08/03/2019 – KIEM x Music Matters: International Woman’s Day Symposium
Lecture with L.J. Müller: ‘Hearing Gender Dynamics in Music’
Feminist musicologists have long struggled with normative analytical methods and seemingly neutral music conceptions that tend to exclude bodies and feelings (e.g. Cusick, McClary). Even further, feminist epistemologies, like Donna Haraway’s situated knowledge, draw into question traditional conceptions of music as objects of study. Eventually with the expansion of popular music studies, theorists found it necessary to widen established perspectives and conceptions of music, to forge models which focus more on relations between subjects and sounds (e.g. DeNora, Shepherd/Wicke, Wicke). Yet still conceptions related to gender alongside wide-spread examples of sexism seem difficult to grasp when considering the more ephemeral qualities of sound. Therefore, from a feminist standpoint, the question arises whether normative conceptions of music and analytical methods might still tend to veil aspects of music that are relevant for the reproduction of gendered inequalities.

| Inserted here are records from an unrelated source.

lemma funpow_raise_Sconf_at: "x \<in> Sconf_at i \<Longrightarrow> (raise E i ^^ n) x = x(i := int n)"
proof (induction n)
  case 0
  then show ?case by (auto simp: Sconf_at_def)
next
  case (Suc n)
  have "Max (x(i := int n) ` closed_nbhd E i) = int n"
    using Suc.prems by (intro Max_eqI) (auto simp: Sconf_at_def Sconf_def intro: order_trans[of _ 0])
  have "(raise E i ^^ Suc n) x = raise E i (x(i := int n))"
    using Suc by (simp del: fun_upd_apply)
  also have "\<dots> = x(i := int (Suc n))"
    unfolding raise_def using \<open>Max _ = int n\<close> by (simp add: add.commute)
  finally show ?case .
qed

lemma fold_Tmap_funpow_Sconf_at:
  "x \<in> Sconf_at i \<Longrightarrow>
    fold (Tmap E) vs ((Tmap E i ^^ n) x) = normalise (fold (raise E) vs (x(i := int n)))"
  by (metis normalise_Sconf_at funpow_Tmap_normalise funpow_raise_Sconf_at fold_Tmap_normalise)

lemma normalise_ge:
  assumes "\<And>j. S \<le> z j \<and> z j \<le> S + k"
  shows "- k \<le> normalise (z::'v::finite \<Rightarrow> int) j"
proof -
  have "Max (range z) \<le> S + k"
    using assms by (simp add: Max_le_iff)
  then show ?thesis
    using assms[of j] unfolding normalise_def by linarith
qed

definition spread :: "('v \<Rightarrow> 'v \<Rightarrow> bool) \<Rightarrow> 'v \<Rightarrow> 'v set \<Rightarrow> 'v set" where
  "spread E v G = (if closed_nbhd E v \<inter> G = {} then G else insert v G)"
lemma greatest_fixed_point_below:
  fixes f :: "real \<Rightarrow> real"
  assumes cont: "continuous_on {c..b} f" and "c \<le> b" "c \<le> f c" "f b < b"
  obtains p where "p \<in> {c..<b}" "f p = p" "\<And>x. x \<in> {p<..b} \<Longrightarrow> f x < x"
proof -
  define S where "S = {x \<in> {c..b}. x \<le> f x}"
  have "closed S"
    unfolding S_def by (intro continuous_on_closed_Collect_le continuous_on_id cont) simp
  have "c \<in> S" "bdd_above S"
    using assms(2,3) by (auto simp: S_def intro: bdd_aboveI[of _ b])
  define p where "p = Sup S"
  have "p \<in> S"
    unfolding p_def using \<open>closed S\<close> \<open>c \<in> S\<close> \<open>bdd_above S\<close>
    by (intro closed_contains_Sup) auto
  then have p: "p \<in> {c..<b}"
    using assms(4) by (cases "p = b") (auto simp: S_def)
  have beyond: "f x < x" if "x \<in> {p<..b}" for x
  proof -
    have "x \<notin> S"
      using that cSup_upper[OF _ \<open>bdd_above S\<close>] unfolding p_def by fastforce
    then show ?thesis
      using that p by (auto simp: S_def)
  qed
  have "f p = p"
  proof (rule ccontr)
    assume "f p \<noteq> p"
    then have "p - f p \<le> 0" "0 \<le> b - f b"
      using \<open>p \<in> S\<close> assms(4) by (auto simp: S_def)
    moreover have "continuous_on {p..b} (\<lambda>x. x - f x)"
      using p by (intro continuous_intros continuous_on_subset[OF cont]) auto
    ultimately obtain y where "p \<le> y" "y \<le> b" "f y = y"
      using IVT'[of "\<lambda>x. x - f x" p 0 b] p by auto
    then show False
      using beyond[of y] \<open>f p \<noteq> p\<close> by (cases "y = p") auto
  qed
  with p beyond show thesis
    using that by blast
qed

In my presentation, I first pose questions about the (possible) aims of music analysis and then deliver a feminist critique of normative conceptions. Inspired by a feminist approach, I’ll discuss some alternatives and propose new ways of hearing gender and sexist dynamics in the sound through representative examples of popular music. With these examples, I argue that a male gaze and performative gender production continually takes place in music and can be meaningfully discussed not only through socio-cultural contexts but also within forms of music analysis. I not only hope to broaden the understanding of the cultural re-/production of sexist dynamics embedded in sound, but also to increase reflexivity about music-analytical tools and to motivate creativity in the finding of alternatives.